Fast Fourier Transformation for Optimizing Convolutional Neural Networks in Object Recognition
This work addresses computational efficiency for researchers and practitioners in computer vision, but it is incremental as it applies an existing method (FFT) to a known architecture (U-Net) on a specific dataset.
The paper tackled the problem of high computational costs in convolutional neural networks for object recognition by using Fast Fourier Transformation to reduce convolution time, achieving a reduction from 600-700 ms/step to 400-500 ms/step and improving accuracy as measured by Intersection over Union.
This paper proposes to use Fast Fourier Transformation-based U-Net (a refined fully convolutional networks) and perform image convolution in neural networks. Leveraging the Fast Fourier Transformation, it reduces the image convolution costs involved in the Convolutional Neural Networks (CNNs) and thus reduces the overall computational costs. The proposed model identifies the object information from the images. We apply the Fast Fourier transform algorithm on an image data set to obtain more accessible information about the image data, before segmenting them through the U-Net architecture.
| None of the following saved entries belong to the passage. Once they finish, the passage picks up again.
lemma zer_mor [simp]:
  "A \<in> obj C \<Longrightarrow> B \<in> obj C \<Longrightarrow> zer C A B \<in> mor C"
  "A \<in> obj C \<Longrightarrow> B \<in> obj C \<Longrightarrow> src C (zer C A B) = A"
  "A \<in> obj C \<Longrightarrow> B \<in> obj C \<Longrightarrow> tgt C (zer C A B) = B"
  using hom_group_axioms by (auto simp: in_hom_iff)

lemma neg_mor [simp]:
  assumes "f \<in> mor C"
  shows "negm C f \<in> mor C" "src C (negm C f) = src C f" "tgt C (negm C f) = tgt C f"
  using hom_group_axioms assms by (metis in_hom_iff src_obj tgt_obj)+

lemma plus_mor [simp]:
  assumes "f \<in> mor C" "g \<in> mor C" "src C g = src C f" "tgt C g = tgt C f"
  shows "plus C f g \<in> mor C" "src C (plus C f g) = src C f" "tgt C (plus C f g) = tgt C f"
  using hom_group_axioms assms by (metis in_hom_iff src_obj tgt_obj)+

lemma plus_commute:
  "\<lbrakk>f \<in> mor C; g \<in> mor C; src C g = src C f; tgt C g = tgt C f\<rbrakk> \<Longrightarrow> plus C f g = plus C g f"
  using hom_group_axioms by (metis in_hom_iff src_obj tgt_obj)

lemma plus_assoc [simp]:
  "\<lbrakk>f \<in> mor C; g \<in> mor C; h \<in> mor C; src C g = src C f; tgt C g = tgt C f;
    src C h = src C f; tgt C h = tgt C f\<rbrakk>
   \<Longrightarrow> plus C (plus C f g) h = plus C f (plus C g h)"
  using hom_group_axioms by (metis in_hom_iff src_obj tgt_obj)

lemma plus_left_commute:
  "\<lbrakk>f \<in> mor C; g \<in> mor C; h \<in> mor C; src C g = src C f; tgt C g = tgt C f;
    src C h = src C f; tgt C h = tgt C f\<rbrakk>
   \<Longrightarrow> plus C f (plus C g h) = plus C g (plus C f h)"
  by (metis plus_assoc plus_commute)

lemma zer_plus [simp]: "\<lbrakk>f \<in> mor C; src C f = A; tgt C f = B\<rbrakk> \<Longrightarrow> plus C (zer C A B) f = f"
  using hom_group_axioms by (metis in_hom_iff src_obj tgt_obj)

lemma plus_zer [simp]: "\<lbrakk>f \<in> mor C; src C f = A; tgt C f = B\<rbrakk> \<Longrightarrow> plus C f (zer C A B) = f"
  by (metis plus_commute src_obj tgt_obj zer_mor zer_plus)

lemma plus_neg [simp]: "f \<in> mor C \<Longrightarrow> plus C f (negm C f) = zer C (src C f) (tgt C f)"
  using hom_group_axioms by (metis in_hom_iff src_obj tgt_obj)

lemma neg_plus [simp]: "f \<in> mor C \<Longrightarrow> plus C (negm C f) f = zer C (src C f) (tgt C f)"
  by (metis neg_mor plus_commute plus_neg)

lemma comp_plus_right:
  "\<lbrakk>f \<in> mor C; g \<in> mor C; h \<in> mor C; src C g = src C f; tgt C g = tgt C f; tgt C f = src C h\<rbrakk>
   \<Longrightarrow> comp C h (plus C f g) = plus C (comp C h f) (comp C h g)"
  using comp_plus_right_axiom by (metis in_hom_iff src_obj tgt_obj)

lemma comp_plus_left:
  "\<lbrakk>f \<in> mor C; g \<in> mor C; h \<in> mor C; src C g = src C f; tgt C g = tgt C f; tgt C h = src C f\<rbrakk>
   \<Longrightarrow> comp C (plus C f g) h = plus C (comp C f h) (comp C g h)"
  using comp_plus_left_axiom by (metis in_hom_iff src_obj tgt_obj)

lemma zer_of_idem:
  assumes "x \<in> mor C" "plus C x x = x"
  shows "x = zer C (src C x) (tgt C x)"
proof -
  have "x = plus C x (plus C x (negm C x))" using assms by simp
  also have "\<dots> = plus C (plus C x x) (negm C x)" using assms by (subst plus_assoc) auto
  also have "\<dots> = zer C (src C x) (tgt C x)" using assms by simp
  finally show ?thesis .
qed

lemma neg_unique:
  assumes "a \<in> mor C" "b \<in> mor C" "src C b = src C a" "tgt C b = tgt C a"
    and "plus C a b = zer C (src C a) (tgt C a)"
  shows "b = negm C a"
proof -
  have "b = plus C (plus C (negm C a) a) b" using assms by simp
  also have "\<dots> = plus C (negm C a) (plus C a b)" using assms by (subst plus_assoc) auto
  also have "\<dots> = negm C a" using assms by simp
  finally show ?thesis .
qed

lemma neg_neg [simp]: "f \<in> mor C \<Longrightarrow> negm C (negm C f) = f"
  by (metis neg_plus neg_mor neg_unique)

lemma comp_zer_right [simp]:
  assumes "h \<in> mor C" "src C h = B" "A \<in> obj C"
  shows "comp C h (zer C A B) = zer C A (tgt C h)"
proof -
  let ?x = "comp C h (zer C A B)"
  have "B \<in> obj C" using assms by auto
  with assms have "?x = comp C h (plus C (zer C A B) (zer C A B))" by simp
  also have "\<dots> = plus C ?x ?x" using assms \<open>B \<in> obj C\<close> by (intro comp_plus_right) auto
  finally have "plus C ?x ?x = ?x" by (rule sym)
  then have "?x = zer C (src C ?x) (tgt C ?x)"
    by (rule zer_of_idem[rotated]) (use assms \<open>B \<in> obj C\<close> in simp)
  then show ?thesis using assms \<open>B \<in> obj C\<close> by simp
qed

lemma comp_zer_left [simp]:
  assumes "g \<in> mor C" "tgt C g = B" "D \<in> obj C"
  shows "comp C (zer C B D) g = zer C (src C g) D"
proof -
  let ?x = "comp C (zer C B D) g"
  have "B \<in> obj C" using assms by auto
  with assms have "?x = comp C (plus C (zer C B D) (zer C B D)) g" by simp
  also have "\<dots> = plus C ?x ?x" using assms \<open>B \<in> obj C\<close> by (intro comp_plus_left) auto
  finally have "plus C ?x ?x = ?x" by (rule sym)
  then have "?x = zer C (src C ?x) (tgt C ?x)"
    by (rule zer_of_idem[rotated]) (use assms \<open>B \<in> obj C\<close> in simp)
  then show ?thesis using assms \<open>B \<in> obj C\<close> by simp
qed

lemma comp_neg_right [simp]:
  assumes "f \<in> mor C" "h \<in> mor C" "tgt C f = src C h"
  shows "comp C h (negm C f) = negm C (comp C h f)"
  using assms by (intro neg_unique) (simp_all flip: comp_plus_right)

lemma comp_neg_left [simp]:
  assumes "f \<in> mor C" "h \<in> mor C" "tgt C f = src C h"
  shows "comp C (negm C h) f = negm C (comp C h f)"
  using assms by (intro neg_unique) (simp_all flip: comp_plus_left)

lemma neg_plus_distrib:
  assumes "f \<in> mor C" "g \<in> mor C" "src C g = src C f" "tgt C g = tgt C f"
  shows "negm C (plus C f g) = plus C (negm C f) (negm C g)"
proof (rule neg_unique[symmetric])
  have "plus C g (plus C (negm C f) (negm C g)) = plus C (negm C f) (plus C g (negm C g))"
    using assms by (metis neg_mor plus_assoc plus_commute)
  then show "plus C (plus C f g) (plus C (negm C f) (negm C g))
      = zer C (src C (plus C f g)) (tgt C (plus C f g))"
    using assms by simp
qed (use assms in auto)

lemma eps_mor [simp]:
  assumes "A \<in> obj C"
  shows "eps C k A \<in> mor C" "src C (eps C k A) = A" "tgt C (eps C k A) = A"
  using assms by (auto simp: eps_def)

lemma biprod_mor [simp]:
  assumes "A \<in> obj C" "B \<in> obj C"
  shows "bsum C A B \<in> obj C"
    "inj1 C A B \<in> mor C" "src C (inj1 C A B) = A" "tgt C (inj1 C A B) = bsum C A B"
    "inj2 C A B \<in> mor C" "src C (inj2 C A B) = B" "tgt C (inj2 C A B) = bsum C A B"
    "prj1 C A B \<in> mor C" "src C (prj1 C A B) = bsum C A B" "tgt C (prj1 C A B) = A"
    "prj2 C A B \<in> mor C" "src C (prj2 C A B) = bsum C A B" "tgt C (prj2 C A B) = B"
  using biprod_axioms assms by (simp_all add: in_hom_iff)

lemma prj_inj [simp]:
  assumes "A \<in> obj C" "B \<in> obj C"
  shows "comp C (prj1 C A B) (inj1 C A B) = ident C A"
    "comp C (prj2 C A B) (inj2 C A B) = ident C B"
    "comp C (prj1 C A B) (inj2 C A B) = zer C B A"
    "comp C (prj2 C A B) (inj1 C A B) = zer C A B"
  using biprod_axioms assms by simp_all

(* The same identities with a trailing factor, to match the right-associated normal form
   produced by comp_assoc. *)
lemma prj_inj_comp [simp]:
  assumes "A \<in> obj C" "B \<in> obj C" "x \<in> mor C"
  shows "tgt C x = A \<Longrightarrow> comp C (prj1 C A B) (comp C (inj1 C A B) x) = x"
    "tgt C x = B \<Longrightarrow> comp C (prj2 C A B) (comp C (inj2 C A B) x) = x"
    "tgt C x = B \<Longrightarrow> comp C (prj1 C A B) (comp C (inj2 C A B) x) = zer C (src C x) A"
    "tgt C x = A \<Longrightarrow> comp C (prj2 C A B) (comp C (inj1 C A B) x) = zer C (src C x) B"
  using assms by (simp_all flip: comp_assoc)

lemma inj_prj_sum:
  assumes "A \<in> obj C" "B \<in> obj C"
  shows "plus C (comp C (inj1 C A B) (prj1 C A B)) (comp C (inj2 C A B) (prj2 C A B))
    = ident C (bsum C A B)"
  using biprod_axioms assms by simp

lemma biprod_decompose:
  assumes "A \<in> obj C" "B \<in> obj C" "x \<in> mor C" "tgt C x = bsum C A B"
  shows "x = plus C (comp C (inj1 C A B) (comp C (prj1 C A B) x))
                    (comp C (inj2 C A B) (comp C (prj2 C A B) x))"
proof -
  have "x = comp C (plus C (comp C (inj1 C A B) (prj1 C A B)) (comp C (inj2 C A B) (prj2 C A B))) x"
    using assms by (simp add: inj_prj_sum)
  also have "\<dots> = plus C (comp C (inj1 C A B) (comp C (prj1 C A B) x))
                          (comp C (inj2 C A B) (comp C (prj2 C A B) x))"
    using assms by (simp add: comp_plus_left)
  finally show ?thesis .
qed

lemma biprod_eqI:
  assumes "A \<in> obj C" "B \<in> obj C"
    and "u \<in> mor C" "tgt C u = bsum C A B" "v \<in> mor C" "tgt C v = bsum C A B"
    and "comp C (prj1 C A B) u = comp C (prj1 C A B) v"
    and "comp C (prj2 C A B) u = comp C (prj2 C A B) v"
  shows "u = v"
  using biprod_decompose[of A B u] biprod_decompose[of A B v] assms by simp

lemma bmat_mor [simp]:
  assumes "A1 \<in> obj C" "A2 \<in> obj C" "B1 \<in> obj C" "B2 \<in> obj C"
    "m11 \<in> hom C A1 B1" "m12 \<in> hom C A2 B1" "m21 \<in> hom C A1 B2" "m22 \<in> hom C A2 B2"
  shows "bmat C A1 A2 B1 B2 m11 m12 m21 m22 \<in> mor C"
    "src C (bmat C A1 A2 B1 B2 m11 m12 m21 m22) = bsum C A1 A2"
    "tgt C (bmat C A1 A2 B1 B2 m11 m12 m21 m22) = bsum C B1 B2"
  using assms by (auto simp: bmat_def in_hom_iff)

lemma prj_bmat:
  assumes "A1 \<in> obj C" "A2 \<in> obj C" "B1 \<in> obj C" "B2 \<in> obj C"
    "m11 \<in> hom C A1 B1" "m12 \<in> hom C A2 B1" "m21 \<in> hom C A1 B2" "m22 \<in> hom C A2 B2"
  shows "comp C (prj1 C B1 B2) (bmat C A1 A2 B1 B2 m11 m12 m21 m22)
      = plus C (comp C m11 (prj1 C A1 A2)) (comp C m12 (prj2 C A1 A2))"
    "comp C (prj2 C B1 B2) (bmat C A1 A2 B1 B2 m11 m12 m21 m22)
      = plus C (comp C m21 (prj1 C A1 A2)) (comp C m22 (prj2 C A1 A2))"
    "\<lbrakk>q \<in> mor C; tgt C q = bsum C A1 A2\<rbrakk> \<Longrightarrow>
      comp C (prj1 C B1 B2) (comp C (bmat C A1 A2 B1 B2 m11 m12 m21 m22) q)
      = plus C (comp C m11 (comp C (prj1 C A1 A2) q)) (comp C m12 (comp C (prj2 C A1 A2) q))"
    "\<lbrakk>q \<in> mor C; tgt C q = bsum C A1 A2\<rbrakk> \<Longrightarrow>
      comp C (prj2 C B1 B2) (comp C (bmat C A1 A2 B1 B2 m11 m12 m21 m22) q)
      = plus C (comp C m21 (comp C (prj1 C A1 A2) q)) (comp C m22 (comp C (prj2 C A1 A2) q))"
  using assms unfolding in_hom_iff by (simp_all add: bmat_def comp_plus_left comp_plus_right)

lemma bmat_comp:
  assumes "A1 \<in> obj C" "A2 \<in> obj C" "B1 \<in> obj C" "B2 \<in> obj C" "D1 \<in> obj C" "D2 \<in> obj C"
    "m11 \<in> hom C A1 B1" "m12 \<in> hom C A2 B1" "m21 \<in> hom C A1 B2" "m22 \<in> hom C A2 B2"
    "n11 \<in> hom C B1 D1" "n12 \<in> hom C B2 D1" "n21 \<in> hom C B1 D2" "n22 \<in> hom C B2 D2"
  shows "comp C (bmat C B1 B2 D1 D2 n11 n12 n21 n22) (bmat C A1 A2 B1 B2 m11 m12 m21 m22)
    = bmat C A1 A2 D1 D2
        (plus C (comp C n11 m11) (comp C n12 m21)) (plus C (comp C n11 m12) (comp C n12 m22))
        (plus C (comp C n21 m11) (comp C n22 m21)) (plus C (comp C n21 m12) (comp C n22 m22))"
  by (rule biprod_eqI[of D1 D2])
    (use assms in \<open>simp_all add: in_hom_iff prj_bmat comp_plus_left comp_plus_right
      plus_left_commute\<close>)

lemma bmat_ident:
  assumes "A1 \<in> obj C" "A2 \<in> obj C"
  shows "bmat C A1 A2 A1 A2 (ident C A1) (zer C A2 A1) (zer C A1 A2) (ident C A2)
    = ident C (bsum C A1 A2)"
  using assms inj_prj_sum[OF assms] by (simp add: bmat_def)

definition unitriangular :: "'o \<Rightarrow> 'o \<Rightarrow> 'm \<Rightarrow> 'm" where
  "unitriangular A1 A2 K = bmat C A1 A2 A1 A2 (ident C A1) K (zer C A1 A2) (ident C A2)"

lemma unitriangular_mor [simp]:
  assumes "A1 \<in> obj C" "A2 \<in> obj C" "K \<in> hom C A2 A1"
  shows "unitriangular A1 A2 K \<in> mor C"
    "src C (unitriangular A1 A2 K) = bsum C A1 A2" "tgt C (unitriangular A1 A2 K) = bsum C A1 A2"
  using assms by (auto simp: unitriangular_def in_hom_iff)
More specifically, we implement the FFT-based convolutional neural network to improve the training time of the network. The proposed approach was applied to publicly available Broad Bioimage Benchmark Collection (BBBC) dataset. Our model demonstrated improvement in training time during convolution from $600-700$ ms/step to $400-500$ ms/step. We evaluated the accuracy of our model using Intersection over Union (IoU) metric showing significant improvements.